- **EXERCISE GOAL**: Please retype only the lines below that run from the one containing "using f_pos[of k] that by simp" through the last line, both included, without altering a word.
SOURCE DATA START
lemma steady_cov_isotropic_vectors_constant:
  assumes Q: "Q \<in> carrier_mat n n" "Q\<^sup>T * Q = 1\<^sub>m n"
    and Q0: "col Q 0 = vec n (\<lambda>_. 1 / sqrt (real n))"
    and lam: "0 < lam 1" "\<And>i j. 1 \<le> i \<Longrightarrow> i \<le> j \<Longrightarrow> j < n \<Longrightarrow> lam i \<le> lam j"
    and \<tau>: "0 \<le> \<tau>" "\<tau> < pi / (2 * lam (n - 1))"
    and b: "b \<noteq> 0"
  shows "isotropic_vectors_constant n (steady_cov n b \<tau> Q lam)"
proof -
  define f where "f = (\<lambda>k. if k = 0 then 0 else psi \<tau> (lam k))"
  have f_pos: "0 < f k" if k: "0 < k" "k < n" for k
  proof -
    have "0 < lam k"
      using lam(1) lam(2)[of 1 k] k by simp
    have "lam k \<le> lam (n - 1)"
      using lam(2)[of k "n - 1"] k by simp
    moreover have "lam (n - 1) * \<tau> < pi / 2"
      using \<tau>(2) \<open>0 < lam k\<close> calculation by (simp add: pos_less_divide_eq mult.commute)
    ultimately have "lam k * \<tau> < pi / 2"
      using mult_right_mono[OF _ \<tau>(1)] by (meson le_less_trans)
    then show ?thesis
      using k \<open>0 < lam k\<close> \<tau>(1) psi_pos[of "lam k" \<tau>] by (simp add: f_def)
  qed
  have f_nonneg: "0 \<le> f k" if "k < n" for k
  proof (cases "k = 0")
    case True
    then show ?thesis
      by (simp add: f_def)
  next
    case False
    then show ?thesis
      using f_pos[of k] that by simp
  qed
  have "isotropic_vectors_constant n (centering_mat n * Q * mat_diag n f * Q\<^sup>T * centering_mat n)"
    by (rule isotropic_vectors_constant_centered_congruence[OF Q Q0 f_nonneg f_pos])
  moreover have "centering_mat n * Q * mat_diag n f * Q\<^sup>T * centering_mat n \<in> carrier_mat n n"
    by (intro mult_carrier_mat[of _ n n] centering_mat_carrier mat_diag_dim) (use Q(1) in auto)
  ultimately show ?thesis
    using b unfolding steady_cov_def Psi_mat_def f_def[symmetric]
    by (intro isotropic_vectors_constant_smult) simp_all
qed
SOURCE DATA END
- **THE COMPLETED TASK**:
      using f_pos[of k] that by simp
  qed
  have "isotropic_vectors_constant n (centering_mat n * Q * mat_diag n f * Q\<^sup>T * centering_mat n)"
    by (rule isotropic_vectors_constant_centered_congruence[OF Q Q0 f_nonneg f_pos])
  moreover have "centering_mat n * Q * mat_diag n f * Q\<^sup>T * centering_mat n \<in> carrier_mat n n"
    by (intro mult_carrier_mat[of _ n n] centering_mat_carrier mat_diag_dim) (use Q(1) in auto)
  ultimately show ?thesis
    using b unfolding steady_cov_def Psi_mat_def f_def[symmetric]
    by (intro isotropic_vectors_constant_smult) simp_all
qed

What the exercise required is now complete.